:: Records ::

lemma card_subdivided_embedding_image:
  assumes "subdivided_embedding G r T f Q" "finite T"
  shows "card (f ` T \<union> (\<Union>t \<in> T - {[]}. set (Q t))) \<le> card T * Suc r"
proof -
  have "card (f ` T \<union> (\<Union>t \<in> T - {[]}. set (Q t)))
      \<le> card (f ` T) + card (\<Union>t \<in> T - {[]}. set (Q t))"
    by (rule card_Un_le)
  also have "\<dots> \<le> card T + (\<Sum>t \<in> T - {[]}. card (set (Q t)))"
    using assms(2) by (intro add_mono card_image_le card_UN_le) auto
  also have "(\<Sum>t \<in> T - {[]}. card (set (Q t))) \<le> (\<Sum>t \<in> T. r)"
  proof -
    have "(\<Sum>t \<in> T - {[]}. card (set (Q t))) \<le> (\<Sum>t \<in> T - {[]}. r)"
      using assms(1) unfolding subdivided_embedding_def
      by (intro sum_mono) (meson card_length le_trans)
    also have "\<dots> \<le> (\<Sum>t \<in> T. r)"
      using assms(2) by (intro sum_mono2) auto
    finally show ?thesis .
  qed
  finally show ?thesis by simp
qed

lemma subdivided_embedding_insert:
  assumes emb: "subdivided_embedding G r T f Q" and closed: "butlast_closed T"
    and t: "t \<notin> T" "butlast t \<in> T"
    and path: "walk G (f (butlast t) # ps @ [u])" "distinct (ps @ [u])" "length ps \<le> r"
    and fresh: "set (ps @ [u]) \<subseteq> verts G - (f ` T \<union> (\<Union>s \<in> T - {[]}. set (Q s)))"
  shows "subdivided_embedding G r (insert t T) (f(t := u)) (Q(t := ps))"
proof -
  have "t \<noteq> []" using t by auto
  have f_eq: "(f(t := u)) s = f s" and Q_eq: "(Q(t := ps)) s = Q s" if "s \<in> T" for s
    using t that by auto
  have image: "(f(t := u)) ` insert t T = insert u (f ` T)"
    using t by auto
  have parent: "butlast s \<in> T" if "s \<in> insert t T - {[]}" for s
    using that t closed unfolding butlast_closed_def by auto
  have "inj_on (f(t := u)) (insert t T)"
    using emb fresh t unfolding subdivided_embedding_def by (auto simp: inj_on_def)
  moreover have "(f(t := u)) ` insert t T \<subseteq> verts G"
    using emb fresh unfolding image subdivided_embedding_def by auto
  moreover have "walk G ((f(t := u)) (butlast s) # (Q(t := ps)) s @ [(f(t := u)) s]) \<and>
      distinct ((Q(t := ps)) s) \<and> length ((Q(t := ps)) s) \<le> r \<and>
      set ((Q(t := ps)) s) \<subseteq> verts G - (f(t := u)) ` insert t T"
    if s: "s \<in> insert t T - {[]}" for s
  proof (cases "s = t")
    case True
    then show ?thesis
      using path fresh t unfolding image by (auto simp: f_eq)
  next
    case False
    then have s': "s \<in> T - {[]}" using s by simp
    have "u \<notin> set (Q s)" using fresh s' by auto
    moreover have "walk G (f (butlast s) # Q s @ [f s]) \<and> distinct (Q s) \<and> length (Q s) \<le> r \<and>
        set (Q s) \<subseteq> verts G - f ` T"
      using emb s' unfolding subdivided_embedding_def by blast
    ultimately show ?thesis
      unfolding image f_eq[OF parent[OF s]] f_eq[of s] Q_eq[of s] using s' False by auto
  qed
  moreover have "disjoint_family_on (\<lambda>s. set ((Q(t := ps)) s)) (insert t T - {[]})"
  proof -
    have "disjoint_family_on (\<lambda>s. set ((Q(t := ps)) s)) (T - {[]})"
      using emb t(1) unfolding subdivided_embedding_def disjoint_family_on_def by auto
    moreover have "set ps \<inter> (\<Union>s \<in> T - {[]}. set ((Q(t := ps)) s)) = {}"
      using fresh t(1) by (auto split: if_splits)
    ultimately show ?thesis
      using t \<open>t \<noteq> []\<close> by (simp add: insert_Diff_if disjoint_family_on_insert)
  qed
  ultimately show ?thesis
    unfolding subdivided_embedding_def by blast
qed
lemma sesq_one_mat: "sesq N N (1\<^sub>m N) x x = of_real (sq_norm N x)"
  unfolding sesq_def sq_norm_def of_real_sum
  by (intro sum.cong refl)
    (simp add: if_distrib[of "\<lambda>y. _ * y"] if_distrib[of "\<lambda>y. y * _"] complex_norm_square[symmetric]
      mult.commute cong: if_cong)

lemma sesq_uminus: "A \<in> carrier_mat r c \<Longrightarrow> sesq r c (- A) x z = - sesq r c A x z"
  unfolding sesq_def by (simp add: sum_negf)

lemma form_bounded_uminus:
  "A \<in> carrier_mat r c \<Longrightarrow> form_bounded r c A K \<Longrightarrow> form_bounded r c (- A) K"
  unfolding form_bounded_def by (simp add: sesq_uminus)

lemma sq_norm_permute: "bij_betw \<pi> {..<N} {..<N} \<Longrightarrow> sq_norm N (x \<circ> \<pi>) = sq_norm N x"
  unfolding sq_norm_def using sum.reindex_bij_betw[of \<pi> "{..<N}" "{..<N}" "\<lambda>i. (cmod (x i))\<^sup>2"] by simp

lemma sesq_permute:
  assumes "bij_betw \<pi> {..<N} {..<N}"
  shows "sesq N N (mat N N (\<lambda>(p, q). A $$ (\<pi> p, \<pi> q))) (x \<circ> \<pi>) (z \<circ> \<pi>) = sesq N N A x z"
proof -
  have "sesq N N (mat N N (\<lambda>(p, q). A $$ (\<pi> p, \<pi> q))) (x \<circ> \<pi>) (z \<circ> \<pi>) =
      (\<Sum>p<N. \<Sum>q<N. cnj (x (\<pi> p)) * A $$ (\<pi> p, \<pi> q) * z (\<pi> q))"
    unfolding sesq_def by simp
  also have "\<dots> = (\<Sum>p<N. \<Sum>q<N. cnj (x (\<pi> p)) * A $$ (\<pi> p, q) * z q)"
  proof (rule sum.cong[OF refl])
    fix p
    show "(\<Sum>q<N. cnj (x (\<pi> p)) * A $$ (\<pi> p, \<pi> q) * z (\<pi> q)) = (\<Sum>q<N. cnj (x (\<pi> p)) * A $$ (\<pi> p, q) * z q)"
      using sum.reindex_bij_betw[OF assms, of "\<lambda>q. cnj (x (\<pi> p)) * A $$ (\<pi> p, q) * z q"] by simp
  qed
  also have "\<dots> = sesq N N A x z"
    unfolding sesq_def using sum.reindex_bij_betw[OF assms, of "\<lambda>p. \<Sum>q<N. cnj (x p) * A $$ (p, q) * z q"]
    by simp
  finally show ?thesis .
qed

lemma form_bounded_permute:
  assumes \<pi>: "bij_betw \<pi> {..<N} {..<N}" and bnd: "form_bounded N N A K"
  shows "form_bounded N N (mat N N (\<lambda>(p, q). A $$ (\<pi> p, \<pi> q))) K"
  unfolding form_bounded_def
proof (intro allI)
  fix x z :: "nat \<Rightarrow> complex"
  define \<psi> where "\<psi> = inv_into {..<N} \<pi>"
  have inv: "\<psi> (\<pi> i) = i" if "i < N" for i
    using that \<pi> unfolding \<psi>_def by (simp add: bij_betw_imp_inj_on)
  have "sesq N N (mat N N (\<lambda>(p, q). A $$ (\<pi> p, \<pi> q))) x z =
      sesq N N (mat N N (\<lambda>(p, q). A $$ (\<pi> p, \<pi> q))) (x \<circ> \<psi> \<circ> \<pi>) (z \<circ> \<psi> \<circ> \<pi>)"
    by (rule sesq_cong) (simp_all add: inv)
  also have "\<dots> = sesq N N A (x \<circ> \<psi>) (z \<circ> \<psi>)" by (rule sesq_permute[OF \<pi>])
  finally have "cmod (sesq N N (mat N N (\<lambda>(p, q). A $$ (\<pi> p, \<pi> q))) x z)
      \<le> K * (sqrt (sq_norm N (x \<circ> \<psi> \<circ> \<pi>)) * sqrt (sq_norm N (z \<circ> \<psi> \<circ> \<pi>)))"
    using bnd unfolding form_bounded_def sq_norm_permute[OF \<pi>] by simp
  moreover have "sq_norm N (y \<circ> \<psi> \<circ> \<pi>) = sq_norm N y" for y :: "nat \<Rightarrow> complex"
    by (rule sq_norm_cong) (simp add: inv)
  ultimately show "cmod (sesq N N (mat N N (\<lambda>(p, q). A $$ (\<pi> p, \<pi> q))) x z)
      \<le> K * (sqrt (sq_norm N x) * sqrt (sq_norm N z))" by simp
qed

section \<open>Block-diagonal matrices, operator norm and Frobenius norm\<close>

lemma blockdiag_carrier:
  "A \<in> carrier_mat r1 c1 \<Longrightarrow> B \<in> carrier_mat r2 c2 \<Longrightarrow> blockdiag A B \<in> carrier_mat (r1 + r2) (c1 + c2)"
  unfolding blockdiag_def by auto

lemma index_blockdiag:
  assumes "A \<in> carrier_mat r1 c1" "B \<in> carrier_mat r2 c2" "i < r1 + r2" "j < c1 + c2"
  shows "blockdiag A B $$ (i, j) =
    (if i < r1 then if j < c1 then A $$ (i, j) else 0 else if j < c1 then 0 else B $$ (i - r1, j - c1))"
  using assms unfolding blockdiag_def by simp

lemma sesq_blockdiag:
  assumes "A \<in> carrier_mat r1 c1" "B \<in> carrier_mat r2 c2"
  shows "sesq (r1 + r2) (c1 + c2) (blockdiag A B) x z =
    sesq r1 c1 A x z + sesq r2 c2 B (\<lambda>i. x (r1 + i)) (\<lambda>j. z (c1 + j))"
  unfolding sesq_def sum_lessThan_add using assms by (simp add: index_blockdiag)

lemma form_bounded_blockdiag:
  assumes A: "A \<in> carrier_mat r1 c1" and B: "B \<in> carrier_mat r2 c2" and "0 \<le> K"
    and bA: "form_bounded r1 c1 A K" and bB: "form_bounded r2 c2 B K"
  shows "form_bounded (r1 + r2) (c1 + c2) (blockdiag A B) (2 * K)"
  unfolding form_bounded_def
proof (intro allI)
  fix x z :: "nat \<Rightarrow> complex"
  define x2 z2 where "x2 = (\<lambda>i. x (r1 + i))" and "z2 = (\<lambda>j. z (c1 + j))"
  define X Z where "X = sqrt (sq_norm (r1 + r2) x)" and "Z = sqrt (sq_norm (c1 + c2) z)"
  have le: "sqrt (sq_norm r1 x) \<le> X" "sqrt (sq_norm r2 x2) \<le> X"
    "sqrt (sq_norm c1 z) \<le> Z" "sqrt (sq_norm c2 z2) \<le> Z"
    unfolding X_def Z_def x2_def z2_def sq_norm_add_dim by (simp_all add: sq_norm_nonneg)
  have "cmod (sesq (r1 + r2) (c1 + c2) (blockdiag A B) x z) \<le> cmod (sesq r1 c1 A x z) + cmod (sesq r2 c2 B x2 z2)"
    unfolding sesq_blockdiag[OF A B] x2_def z2_def by (rule norm_triangle_ineq)
  also have "\<dots> \<le> K * (sqrt (sq_norm r1 x) * sqrt (sq_norm c1 z)) + K * (sqrt (sq_norm r2 x2) * sqrt (sq_norm c2 z2))"
    using bA bB unfolding form_bounded_def by (intro add_mono) auto
  also have "\<dots> \<le> K * (X * Z) + K * (X * Z)"
    using le \<open>0 \<le> K\<close> by (intro add_mono mult_left_mono mult_mono) (auto simp: X_def sq_norm_nonneg)
  finally show "cmod (sesq (r1 + r2) (c1 + c2) (blockdiag A B) x z) \<le> 2 * K * (X * Z)" by simp
qed

lemma cvec_norm_sq_norm: "cvec_norm v = sqrt (sq_norm (dim_vec v) (\<lambda>i. v $ i))"
  unfolding cvec_norm_def sq_norm_def ..

lemma sesq_mult_mat_vec:
  assumes "A \<in> carrier_mat r c" "v \<in> carrier_vec c"
  shows "sesq r c A (\<lambda>i. (A *\<^sub>v v) $ i) (\<lambda>j. v $ j) = of_real (sq_norm r (\<lambda>i. (A *\<^sub>v v) $ i))"
proof -
  have "sesq r c A (\<lambda>i. (A *\<^sub>v v) $ i) (\<lambda>j. v $ j) = (\<Sum>i<r. cnj ((A *\<^sub>v v) $ i) * (A *\<^sub>v v) $ i)"
    unfolding sesq_def using assms
    by (intro sum.cong refl) (simp add: scalar_prod_def atLeast0LessThan sum_distrib_left mult.assoc)
  also have "\<dots> = of_real (sq_norm r (\<lambda>i. (A *\<^sub>v v) $ i))"
    unfolding sq_norm_def of_real_sum
    by (intro sum.cong refl) (metis complex_norm_square mult.commute of_real_power)
  finally show ?thesis .
qed

lemma op_norm_le_of_form_bounded:
  assumes A: "A \<in> carrier_mat r c" and "0 \<le> K" and bnd: "form_bounded r c A K"
  shows "op_norm A \<le> K"
  unfolding op_norm_def
proof (rule cSup_least)
  have "cvec_norm (0\<^sub>v (dim_col A)) \<le> 1" unfolding cvec_norm_def by simp
  then have "cvec_norm (A *\<^sub>v 0\<^sub>v (dim_col A))
      \<in> {cvec_norm (A *\<^sub>v v) |v. v \<in> carrier_vec (dim_col A) \<and> cvec_norm v \<le> 1}"
    by (intro CollectI exI[of _ "0\<^sub>v (dim_col A)"]) simp
  then show "{cvec_norm (A *\<^sub>v v) |v. v \<in> carrier_vec (dim_col A) \<and> cvec_norm v \<le> 1} \<noteq> {}"
    by (rule ex_in_conv[THEN iffD1, OF exI])
next
  fix x assume "x \<in> {cvec_norm (A *\<^sub>v v) |v. v \<in> carrier_vec (dim_col A) \<and> cvec_norm v \<le> 1}"
  then obtain v where x: "x = cvec_norm (A *\<^sub>v v)" and "v \<in> carrier_vec (dim_col A)"
    and "cvec_norm v \<le> 1"
    by blast
  then have v: "v \<in> carrier_vec c" using A by simp
  define Y V where "Y = sqrt (sq_norm r (\<lambda>i. (A *\<^sub>v v) $ i))" and "V = sqrt (sq_norm c (\<lambda>j. v $ j))"
  have "x = Y" "V \<le> 1"
    using x v A \<open>cvec_norm v \<le> 1\<close> by (simp_all add: Y_def V_def cvec_norm_sq_norm)
  have "Y * Y = cmod (sesq r c A (\<lambda>i. (A *\<^sub>v v) $ i) (\<lambda>j. v $ j))"
    unfolding sesq_mult_mat_vec[OF A v] Y_def by (simp add: sq_norm_nonneg)
  also have "\<dots> \<le> K * (Y * V)"
    using bnd unfolding form_bounded_def Y_def V_def by blast
  finally have "Y * Y \<le> (K * V) * Y" by (simp add: mult_ac)
  moreover have "0 \<le> Y" "0 \<le> V" by (simp_all add: Y_def V_def sq_norm_nonneg)
  ultimately have "Y \<le> K * V"
    using \<open>0 \<le> K\<close> by (cases "Y = 0") (simp_all add: less_le mult_le_cancel_right_pos)
  also have "\<dots> \<le> K" using \<open>V \<le> 1\<close> \<open>0 \<le> K\<close> by (simp add: mult_left_le)
  finally show "x \<le> K" using \<open>x = Y\<close> by simp
qed

lemma frob_norm_square: "(frob_norm A)\<^sup>2 = (\<Sum>i<dim_row A. \<Sum>j<dim_col A. (cmod (A $$ (i, j)))\<^sup>2)"
  unfolding frob_norm_def by (simp add: sum_nonneg)

lemma frob_norm_nonneg: "0 \<le> frob_norm A"
  unfolding frob_norm_def by (simp add: sum_nonneg)

lemma frob_norm_eq_0_imp_zero:
  assumes "M \<in> carrier_mat r c" "frob_norm M = 0"
  shows "M = 0\<^sub>m r c"
proof (rule eq_matI)
  fix i j assume "i < dim_row (0\<^sub>m r c)" "j < dim_col (0\<^sub>m r c)"
  then have "i < r" "j < c" by simp_all
  have "(\<Sum>i<r. \<Sum>j<c. (cmod (M $$ (i, j)))\<^sup>2) = 0"
    using assms frob_norm_square[of M] by simp
  then have "(\<Sum>j<c. (cmod (M $$ (i, j)))\<^sup>2) = 0"
    using \<open>i < r\<close> by (simp add: sum_nonneg_eq_0_iff sum_nonneg)
  then show "M $$ (i, j) = 0\<^sub>m r c $$ (i, j)"
    using \<open>i < r\<close> \<open>j < c\<close> by (simp add: sum_nonneg_eq_0_iff)
qed (use assms in auto)

lemma frob_norm_blockdiag:
  assumes "A \<in> carrier_mat r1 c1" "B \<in> carrier_mat r2 c2"
  shows "(frob_norm (blockdiag A B))\<^sup>2 = (frob_norm A)\<^sup>2 + (frob_norm B)\<^sup>2"
  using assms blockdiag_carrier[OF assms] unfolding frob_norm_square
  by (simp add: sum_lessThan_add index_blockdiag sum.distrib)

lemma frob_norm_uminus: "frob_norm (- A) = frob_norm A"
  unfolding frob_norm_def by simp

lemma frob_norm_le_of_entry_bound:
  assumes "A \<in> carrier_mat r c" "0 \<le> S" "\<And>i j. i < r \<Longrightarrow> j < c \<Longrightarrow> cmod (A $$ (i, j)) \<le> S"
  shows "frob_norm A \<le> sqrt (real (r * c)) * S"
proof -
  have "(frob_norm A)\<^sup>2 = (\<Sum>i<r. \<Sum>j<c. (cmod (A $$ (i, j)))\<^sup>2)"
    using assms(1) by (simp add: frob_norm_square)
  also have "\<dots> \<le> (\<Sum>i<r. \<Sum>j<c. S\<^sup>2)"
    using assms by (intro sum_mono power_mono) auto
  also have "\<dots> = (sqrt (real (r * c)) * S)\<^sup>2" by (simp add: power_mult_distrib)
  finally show ?thesis
    using assms(2) by (simp add: power2_le_iff_abs_le)
qed

lemma sum_cmod_le_frob_norm:
  assumes "A \<in> carrier_mat r c"
  shows "(\<Sum>i<r. \<Sum>j<c. cmod (A $$ (i, j))) \<le> sqrt (real (r * c)) * frob_norm A"
proof -
  let ?S = "\<Sum>i<r. \<Sum>j<c. cmod (A $$ (i, j))"
  have "?S\<^sup>2 \<le> (\<Sum>(i, j)\<in>{..<r} \<times> {..<c}. (cmod (A $$ (i, j)))\<^sup>2) * real (card ({..<r} \<times> {..<c}))"
    unfolding sum.cartesian_product by (rule order_trans[OF sum_squared_le_sum_of_squares]) (simp add: case_prod_beta)
  also have "\<dots> = (sqrt (real (r * c)) * frob_norm A)\<^sup>2"
    using assms unfolding power_mult_distrib frob_norm_square sum.cartesian_product by (simp add: mult.commute)
  finally show ?thesis
    by (rule power2_le_imp_le) (simp add: frob_norm_nonneg)
qed

section \<open>Hermitian matrices and the payoff observable\<close>

definition hermitian :: "nat \<Rightarrow> complex mat \<Rightarrow> bool" where
  "hermitian N M \<longleftrightarrow> M \<in> carrier_mat N N \<and> madj M = M"

lemma hermitian_entry:
  assumes "hermitian N M" "i < N" "j < N"
  shows "M $$ (j, i) = cnj (M $$ (i, j))"
proof -
  have "M \<in> carrier_mat N N" "madj M = M" using assms(1) by (simp_all add: hermitian_def)
  then have "M $$ (j, i) = madj M $$ (j, i)" by simp
  also have "\<dots> = cnj (M $$ (i, j))"
    using \<open>M \<in> carrier_mat N N\<close> assms(2,3) by (simp add: madj_def)
  finally show ?thesis .
qed

lemma madj_carrier: "A \<in> carrier_mat r c \<Longrightarrow> madj A \<in> carrier_mat c r"
  unfolding madj_def by simp

lemma madj_minus:
  "A \<in> carrier_mat r c \<Longrightarrow> B \<in> carrier_mat r c \<Longrightarrow> madj (A - B) = madj A - madj B"
  unfolding madj_def by (rule eq_matI) auto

:::

▸ **Activity**: The required output is the set of lines from the first line of the data through the line that contains "using assms(2) by (intro add_mono", transcribed exactly.

▸ **Response to the exercise**:
lemma card_subdivided_embedding_image:
  assumes "subdivided_embedding G r T f Q" "finite T"
  shows "card (f ` T \<union> (\<Union>t \<in> T - {[]}. set (Q t))) \<le> card T * Suc r"
proof -
  have "card (f ` T \<union> (\<Union>t \<in> T - {[]}. set (Q t)))
      \<le> card (f ` T) + card (\<Union>t \<in> T - {[]}. set (Q t))"
    by (rule card_Un_le)
  also have "\<dots> \<le> card T + (\<Sum>t \<in> T - {[]}. card (set (Q t)))"
    using assms(2) by (intro add_mono card_image_le card_UN_le) auto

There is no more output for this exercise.